(* The join $\mathsf V(M_2)\vee\mathbf N$ is the unique maximal (proper) subvariety of $\mathsf V(S_7)$: it is a proper subvariety, and every proper subvariety of $\mathsf V(S_7)$ is contained in it.
   Context: $S_7$ is the ai-semiring on $\{\infty,a,1\}$ with $x+x=x$, $x+y=\infty$ for $x\neq y$, and commutative multiplication with $\infty$ a zero, $a\cdot a=\infty$, $a\cdot 1=a$, $1\cdot1=1$; $\mathsf V(S_7)$ is the variety it generates. $M_2$ is the two-element ai-semiring $\{1,\infty\}$ with $1+\infty=\infty$, $x+x=x$, $1\cdot1=1$ and $\infty$ a multiplicative zero. $\mathbf N$ is the subvariety of $\mathsf V(S_7)$ defined by $x^2y\approx x^2$. $\mathcal V_1\vee\mathcal V_2$ denotes the smallest variety containing both. *)

theory Defs
  imports Main
begin

datatype trm = V nat | Plus trm trm | Times trm trm

type_synonym identity = "trm \<times> trm"

fun eval :: "('a \<Rightarrow> 'a \<Rightarrow> 'a) \<Rightarrow> ('a \<Rightarrow> 'a \<Rightarrow> 'a) \<Rightarrow> (nat \<Rightarrow> 'a) \<Rightarrow> trm \<Rightarrow> 'a" where
  "eval ad mu \<sigma> (V n) = \<sigma> n"
| "eval ad mu \<sigma> (Plus s t) = ad (eval ad mu \<sigma> s) (eval ad mu \<sigma> t)"
| "eval ad mu \<sigma> (Times s t) = mu (eval ad mu \<sigma> s) (eval ad mu \<sigma> t)"

fun subst :: "(nat \<Rightarrow> trm) \<Rightarrow> trm \<Rightarrow> trm" where
  "subst \<tau> (V n) = \<tau> n"
| "subst \<tau> (Plus s t) = Plus (subst \<tau> s) (subst \<tau> t)"
| "subst \<tau> (Times s t) = Times (subst \<tau> s) (subst \<tau> t)"

definition Id_alg :: "('a \<Rightarrow> 'a \<Rightarrow> 'a) \<Rightarrow> ('a \<Rightarrow> 'a \<Rightarrow> 'a) \<Rightarrow> identity set" where
  "Id_alg ad mu = {(s, t). \<forall>\<sigma>. eval ad mu \<sigma> s = eval ad mu \<sigma> t}"

text \<open>By Birkhoff's
  theorem, subvarieties of a variety V correspond (order-reversingly) to the
  equational theories containing Id(V).\<close>
definition eq_theory :: "identity set \<Rightarrow> bool" where
  "eq_theory T \<longleftrightarrow>
     (\<forall>t. (t, t) \<in> T) \<and>
     (\<forall>s t. (s, t) \<in> T \<longrightarrow> (t, s) \<in> T) \<and>
     (\<forall>s t u. (s, t) \<in> T \<longrightarrow> (t, u) \<in> T \<longrightarrow> (s, u) \<in> T) \<and>
     (\<forall>s t s' t'. (s, t) \<in> T \<longrightarrow> (s', t') \<in> T \<longrightarrow>
        (Plus s s', Plus t t') \<in> T \<and> (Times s s', Times t t') \<in> T) \<and>
     (\<forall>s t \<tau>. (s, t) \<in> T \<longrightarrow> (subst \<tau> s, subst \<tau> t) \<in> T)"

text \<open>The equational theory generated by a set of identities
  (= Id of the variety defined by these identities).\<close>
definition eq_closure :: "identity set \<Rightarrow> identity set" where
  "eq_closure E = \<Inter>{T. eq_theory T \<and> E \<subseteq> T}"

datatype s7 = Inf7 | A7 | One7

*Assignment*.
Working from the material above, retype exactly the lines from the one with "theory Defs" through the one with "(nat \<Rightarrow> 'a)", both included, and only those lines.

*Output*.
theory Defs
  imports Main
begin

datatype trm = V nat | Plus trm trm | Times trm trm

type_synonym identity = "trm \<times> trm"

fun eval :: "('a \<Rightarrow> 'a \<Rightarrow> 'a) \<Rightarrow> ('a \<Rightarrow> 'a \<Rightarrow> 'a) \<Rightarrow> (nat \<Rightarrow> 'a) \<Rightarrow> trm \<Rightarrow> 'a" where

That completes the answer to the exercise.